TASK PROMPT: All that is wanted is a word-for-word copy of the data from its first line to the line containing "U) = emeasure", both included.

-- DATA SUPPLIED follows --

lemma relval_ge_perturb:
  assumes "p \<in> Theta" "q \<in> Theta" "0 \<le> c" "c \<le> 1" "dist q p \<le> perturb_radius c"
  shows "c ^ t * relval w mu p t \<le> relval w mu q t"
proof (induction t)
  case (Suc t)
  have "c ^ Suc t * relval w mu p (Suc t)
      = (c ^ t * relval w mu p t) * (c * growth_factor w p (mu t) (mu (Suc t)))"
    by (simp add: relval_Suc del: relval.simps)
  also have "\<dots> \<le> relval w mu q t * growth_factor w q (mu t) (mu (Suc t))"
    using assms Suc by (intro mult_mono growth_factor_ge_perturb) (auto simp: relval_pos growth_factor_pos less_imp_le)
  finally show ?case by (simp add: relval_Suc del: relval.simps)
qed simp

lemma relval_measurable [measurable]: "(\<lambda>p. relval w mu p t) \<in> borel_measurable nu0"
  using borel_measurable_continuous_onI[OF continuous_relval] sets_nu0 by (simp cong: measurable_cong_sets)

lemma Theta_sets [measurable]: "Theta \<in> sets nu0"
  using sets_nu0 by (simp add: borel_closed[OF closed_Theta])

lemma prob_Theta: "nu0.prob Theta = 1"
  using full_support_nu0 nu0.emeasure_space_1
  by (simp add: full_support_def nu0.emeasure_eq_measure)

lemma AE_Theta: "AE p in nu0. p \<in> Theta"
  by (rule nu0.AE_prob_1[OF prob_Theta])

lemma prob_open_Int_Theta_pos:
  assumes "open U" "U \<inter> Theta \<noteq> {}"
  shows "0 < nu0.prob (U \<inter> Theta)"
proof (rule ccontr)
  assume "\<not> 0 < nu0.prob (U \<inter> Theta)"
  then have "nu0.prob (U \<inter> Theta) = 0" by (simp add: order.strict_iff_order)
  moreover have U: "U \<in> sets nu0" using \<open>open U\<close> sets_nu0 by simp
  ultimately have "nu0.prob (Theta - U) = 1"
    using nu0.finite_measure_Diff'[of Theta U] prob_Theta by (simp add: Int_commute)
  then have "emeasure nu0 (Theta - U) = emeasure nu0 (space nu0)"
    by (simp add: nu0.emeasure_eq_measure prob_space.prob_space[OF prob_space_nu0])
  moreover have "closed (Theta - U)" using closed_Theta \<open>open U\<close> by (rule closed_Diff)
  ultimately have "Theta \<subseteq> Theta - U"
    using full_support_nu0 U unfolding full_support_def by blast
  then show False using \<open>U \<inter> Theta \<noteq> {}\<close> by blast
qed

lemma uniform_ball_mass:
  assumes "0 < r"
  shows "\<exists>m>0. \<forall>p\<in>Theta. m \<le> nu0.prob (ball p r \<inter> Theta)"
proof -
  have "Theta \<subseteq> (\<Union>c\<in>Theta. ball c (r / 2))" using \<open>0 < r\<close> by force
  then obtain C :: "(real^'n^'e) set" where C: "C \<subseteq> Theta" "finite C" "Theta \<subseteq> (\<Union>c\<in>C. ball c (r / 2))"
    by (rule compactE_image[OF compact_Theta open_ball])
  define m where "m = Min (insert 1 ((\<lambda>c. nu0.prob (ball c (r / 2) \<inter> Theta)) ` C))"
  have "0 < nu0.prob (ball c (r / 2) \<inter> Theta)" if "c \<in> C" for c
  proof (rule prob_open_Int_Theta_pos)
    have "c \<in> ball c (r / 2) \<inter> Theta" using that C(1) \<open>0 < r\<close> by auto
    then show "ball c (r / 2) \<inter> Theta \<noteq> {}" by blast
  qed simp
  then have "0 < m" unfolding m_def using C(2) by (subst Min_gr_iff) auto
  moreover have "m \<le> nu0.prob (ball p r \<inter> Theta)" if "p \<in> Theta" for p
  proof -
    obtain c where c: "c \<in> C" "p \<in> ball c (r / 2)" using C(3) \<open>p \<in> Theta\<close> by auto
    have "m \<le> nu0.prob (ball c (r / 2) \<inter> Theta)" unfolding m_def using C(2) c(1) by simp
    also have "\<dots> \<le> nu0.prob (ball p r \<inter> Theta)"
    proof (rule nu0.finite_measure_mono)
      show "ball c (r / 2) \<inter> Theta \<subseteq> ball p r \<inter> Theta"
        using c(2) dist_triangle_half_l[of _ c r p] by (auto simp: dist_commute)
      show "ball p r \<inter> Theta \<in> sets nu0" by (intro sets.Int Theta_sets) (simp add: sets_nu0)
    qed
    finally show ?thesis .
  qed
  ultimately show ?thesis by blast
qed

-- DATA SUPPLIED concluded --

TASK OUTPUT:
lemma relval_ge_perturb:
  assumes "p \<in> Theta" "q \<in> Theta" "0 \<le> c" "c \<le> 1" "dist q p \<le> perturb_radius c"
  shows "c ^ t * relval w mu p t \<le> relval w mu q t"
proof (induction t)
  case (Suc t)
  have "c ^ Suc t * relval w mu p (Suc t)
      = (c ^ t * relval w mu p t) * (c * growth_factor w p (mu t) (mu (Suc t)))"
    by (simp add: relval_Suc del: relval.simps)
  also have "\<dots> \<le> relval w mu q t * growth_factor w q (mu t) (mu (Suc t))"
    using assms Suc by (intro mult_mono growth_factor_ge_perturb) (auto simp: relval_pos growth_factor_pos less_imp_le)
  finally show ?case by (simp add: relval_Suc del: relval.simps)
qed simp

lemma relval_measurable [measurable]: "(\<lambda>p. relval w mu p t) \<in> borel_measurable nu0"
  using borel_measurable_continuous_onI[OF continuous_relval] sets_nu0 by (simp cong: measurable_cong_sets)

lemma Theta_sets [measurable]: "Theta \<in> sets nu0"
  using sets_nu0 by (simp add: borel_closed[OF closed_Theta])

lemma prob_Theta: "nu0.prob Theta = 1"
  using full_support_nu0 nu0.emeasure_space_1
  by (simp add: full_support_def nu0.emeasure_eq_measure)

lemma AE_Theta: "AE p in nu0. p \<in> Theta"
  by (rule nu0.AE_prob_1[OF prob_Theta])

lemma prob_open_Int_Theta_pos:
  assumes "open U" "U \<inter> Theta \<noteq> {}"
  shows "0 < nu0.prob (U \<inter> Theta)"
proof (rule ccontr)
  assume "\<not> 0 < nu0.prob (U \<inter> Theta)"
  then have "nu0.prob (U \<inter> Theta) = 0" by (simp add: order.strict_iff_order)
  moreover have U: "U \<in> sets nu0" using \<open>open U\<close> sets_nu0 by simp
  ultimately have "nu0.prob (Theta - U) = 1"
    using nu0.finite_measure_Diff'[of Theta U] prob_Theta by (simp add: Int_commute)
  then have "emeasure nu0 (Theta - U) = emeasure nu0 (space nu0)"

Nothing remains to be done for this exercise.